The modelbased package offers a powerful and intuitive way to move beyond simple pairwise comparisons and summarize the holistic effect of categorical variables. By quantifying absolute and relative inequalities, researchers can:

  • Obtain a single, interpretable effect size for a nominal or ordinal predictor.
  • Formally test whether this overall effect is statistically significant.
  • Compare the magnitude of inequality across different groups, models, or over time.
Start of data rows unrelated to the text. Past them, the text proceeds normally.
(* Let $a,b$ be coprime integers with $0<a\le b$ and let $a/b=[0,u_1,\dots,u_n]$ be a simple continued fraction expansion of even depth $n=2i$ ($i\ge 1$), with convergents $p_k/q_k$. Let $D$ be the standard line $\{(x,y)\in\mathbb{Z}^2: 0\le ax-by<a+b\}$, let $U_1=(0,0)$ and $U_2=(b,a)$, let $L_1$ be the lower leaning point of $D$ with $0<x\le b$, and $L_2=L_1+(b,a)$. Then \[ \overrightarrow{U_1L_1}=(q_{2i-1}+1,\;p_{2i-1}-1),\qquad \overrightarrow{L_1U_2}=(u_{2i}-1)(q_{2i-1},p_{2i-1})+(q_{2i-2},p_{2i-2})+(-1,1). \] Moreover, the Freeman word of the DSS $[U_1L_1]$ has $E(z_{2i-2})^{u_{2i-1}}$ as a left factor (prefix), and the Freeman word of the DSS $[L_1U_2]$ has $E(z_{2i-1})^{u_{2i}-1}$ as a right factor (suffix).
   Context: A standard line $\{\mu\le ax-by<\mu+|a|+|b|\}$ is a 4-connected path of lattice points; points with $ax-by=\mu$ are upper leaning points, those with $ax-by=\mu+|a|+|b|-1$ lower leaning points. For $P,Q\in D$, $[PQ]$ denotes the path of points of $D$ from $P$ to $Q$; its Freeman word records its unit moves, $0$ for $(1,0)$ and $1$ for $(0,1)$. For $a/b=[0,u_1,\dots,u_n]$, $z_k=p_k/q_k=[0,u_1,\dots,u_k]$ with $(p_0,q_0)=(0,1)$, $(p_{-1},q_{-1})=(1,0)$ and $(p_k,q_k)=u_k(p_{k-1},q_{k-1})+(p_{k-2},q_{k-2})$. Words: $E(z_0)=0$, $E(z_1)=0^{u_1}1$, $E(z_{2j+1})=E(z_{2j})^{u_{2j+1}}E(z_{2j-1})$, $E(z_{2j})=E(z_{2j-2})E(z_{2j-1})^{u_{2j}}$. *)

theory Defs
  imports Complex_Main "HOL-Library.Sublist"
begin

fun cfv :: "nat list \<Rightarrow> real" where
  "cfv [] = 0"
| "cfv [x] = real x"
| "cfv (x # y # ys) = real x + 1 / cfv (y # ys)"

definition cf0 :: "(nat \<Rightarrow> nat) \<Rightarrow> nat \<Rightarrow> real" where
  "cf0 u n = 1 / cfv (map u [1..<Suc n])"

(* convergents p_k, q_k for k >= 0, using p_{-1}=1, q_{-1}=0, p_0=0, q_0=1 *)
fun cp :: "(nat \<Rightarrow> nat) \<Rightarrow> nat \<Rightarrow> nat" where
  "cp u 0 = 0"
| "cp u (Suc 0) = u 1 * 0 + 1"
| "cp u (Suc (Suc k)) = u (Suc (Suc k)) * cp u (Suc k) + cp u k"

fun cq :: "(nat \<Rightarrow> nat) \<Rightarrow> nat \<Rightarrow> nat" where
  "cq u 0 = 1"
| "cq u (Suc 0) = u 1 * 1 + 0"
| "cq u (Suc (Suc k)) = u (Suc (Suc k)) * cq u (Suc k) + cq u k"

definition wpow :: "'a list \<Rightarrow> nat \<Rightarrow> 'a list" where
  "wpow w k = concat (replicate k w)"

fun E :: "(nat \<Rightarrow> nat) \<Rightarrow> nat \<Rightarrow> nat list" where
  "E u 0 = [0]"
| "E u (Suc 0) = wpow [0] (u 1) @ [1]"
| "E u (Suc (Suc k)) =
     (if odd (Suc (Suc k))
      then wpow (E u (Suc k)) (u (Suc (Suc k))) @ E u k
      else E u k @ wpow (E u (Suc k)) (u (Suc (Suc k))))"

definition in_line :: "int \<Rightarrow> int \<Rightarrow> int \<Rightarrow> int \<times> int \<Rightarrow> bool" where
  "in_line a b mu P \<longleftrightarrow> mu \<le> a * fst P - b * snd P \<and> a * fst P - b * snd P < mu + \<bar>a\<bar> + \<bar>b\<bar>"

definition lower_leaning :: "int \<Rightarrow> int \<Rightarrow> int \<Rightarrow> int \<times> int \<Rightarrow> bool" where
  "lower_leaning a b mu P \<longleftrightarrow> a * fst P - b * snd P = mu + \<bar>a\<bar> + \<bar>b\<bar> - 1"

(* next point of the 4-connected path of D (for a, b >= 0): (x+1,y) if in D, else (x,y+1) *)
definition next_pt :: "int \<Rightarrow> int \<Rightarrow> int \<Rightarrow> int \<times> int \<Rightarrow> int \<times> int" where
  "next_pt a b mu P = (if in_line a b mu (fst P + 1, snd P) then (fst P + 1, snd P) else (fst P, snd P + 1))"

fun fword :: "int \<Rightarrow> int \<Rightarrow> int \<Rightarrow> int \<times> int \<Rightarrow> nat \<Rightarrow> nat list" where
  "fword a b mu P 0 = []"
| "fword a b mu P (Suc m) =
     (if next_pt a b mu P = (fst P + 1, snd P) then 0 else 1) # fword a b mu (next_pt a b mu P) m"

definition freeman :: "int \<Rightarrow> int \<Rightarrow> int \<Rightarrow> int \<times> int \<Rightarrow> int \<times> int \<Rightarrow> nat list" where
  "freeman a b mu P Q = fword a b mu P (nat ((fst Q + snd Q) - (fst P + snd P)))"

end

theory Submission imports Defs begin

text \<open>The expansion identifies a/b with the last convergent p_n/q_n, and the word E(z_k)
is the lower Christoffel word of slope p_k/q_k: consecutive convergents satisfy
q_k p_(k+1) - p_k q_(k+1) = (-1)^k, and Christoffel words of such Farey neighbours concatenate to the
Christoffel word of the mediant. The Freeman word of one period of D is the Christoffel word of a/b,
hence equals E(z_n). Since n is even, (q_(n-1)+1, p_(n-1)-1) lies on the lower leaning line, and it is
the only lattice point there with 0 < x \<le> b; it cuts E(z_n) = E(z_(n-2)) E(z_(n-1))^(u_n) after
|E(z_(n-1))| letters, which gives the prefix and suffix claims.\<close>

section \<open>Christoffel words\<close>

definition christoffel_word :: "nat \<Rightarrow> nat \<Rightarrow> nat list" where
  "christoffel_word p q = map (\<lambda>s. p*(s+1) div (p+q) - p*s div (p+q)) [0..<p+q]"

lemma length_christoffel_word [simp]: "length (christoffel_word p q) = p + q"
  by (simp add: christoffel_word_def)

lemma nth_christoffel_word:
  "s < p + q \<Longrightarrow> christoffel_word p q ! s = p*(s+1) div (p+q) - p*s div (p+q)"
  by (simp add: christoffel_word_def)

lemma mediant_div_left:
  fixes p1 q1 p2 q2 s :: nat
  assumes det: "q1*p2 = p1*q2 + 1" and pos1: "p1 + q1 \<ge> 1" and pos2: "p2 + q2 \<ge> 1"
    and s: "s \<le> p1 + q1"
  shows "(p1+p2)*s div (p1+q1+(p2+q2)) = p1*s div (p1+q1)"
proof -
  define M1 M P f j where "M1 = p1+q1" and "M = p1+q1+(p2+q2)" and "P = p1+p2"
    and "f = p1*s div M1" and "j = p1*s mod M1"
  have key: "M1*P = p1*M + 1" using det unfolding M1_def P_def M_def by (simp add: algebra_simps)
  have jl: "j < M1" unfolding j_def M1_def using pos1 by (intro mod_less_divisor) linarith
  have "P*s*M1 = p1*s*M + s" using key by (metis add_mult_distrib mult.commute mult.left_commute mult_1)
  also have "p1*s = f*M1 + j" unfolding f_def j_def by simp
  finally have e: "P*s*M1 = f*M1*M + j*M + s" by (simp add: algebra_simps)
  have "M*f*M1 \<le> P*s*M1" using e by (simp add: algebra_simps)
  moreover have "0 < M1" using pos1 unfolding M1_def by linarith
  ultimately have lo: "M*f \<le> P*s" by simp
  have "(j+1)*M \<le> M1*M" using jl by (intro mult_le_mono1) simp
  moreover have "s < M" using s pos2 unfolding M_def by simp
  ultimately have "j*M + s < M1*M" by simp
  hence "P*s*M1 < M*Suc f*M1" using e by (simp add: algebra_simps)
  hence hi: "P*s < M*Suc f" by simp
  show ?thesis using div_nat_eqI[OF lo hi] unfolding P_def M_def f_def M1_def .
qed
This approach aligns statistical practice with the theoretical concept of group-based disparities, providing a clearer and more comprehensive understanding of how social categories shape outcomes.

Formula interface

The modelbased package also allows you to compute these inequalities using a formula interface for the comparison argument. The following table summarizes the available options for computing inequalities using the estimate_contrasts() function with a formula interface:

String option Formula
"inequality" ~inequality
"inequality_pairwise" inequality ~ pairwise
"inequality_ratio" ratio ~ inequality
"inequality_ratio_pairwise" ratio ~ inequality + pairwise

Grouping variables are usually specified using the by argument. Additionally, these can also be specified in the formula interface, for example, ~inequality | group1 or inequality ~ pairwise | group1 + group2.

References

Mize, T. D., & Han, B. (2025). Inequality and Total Effect Summary Measures for Nominal and Ordinal Variables. Sociological Science, 12, 115-157.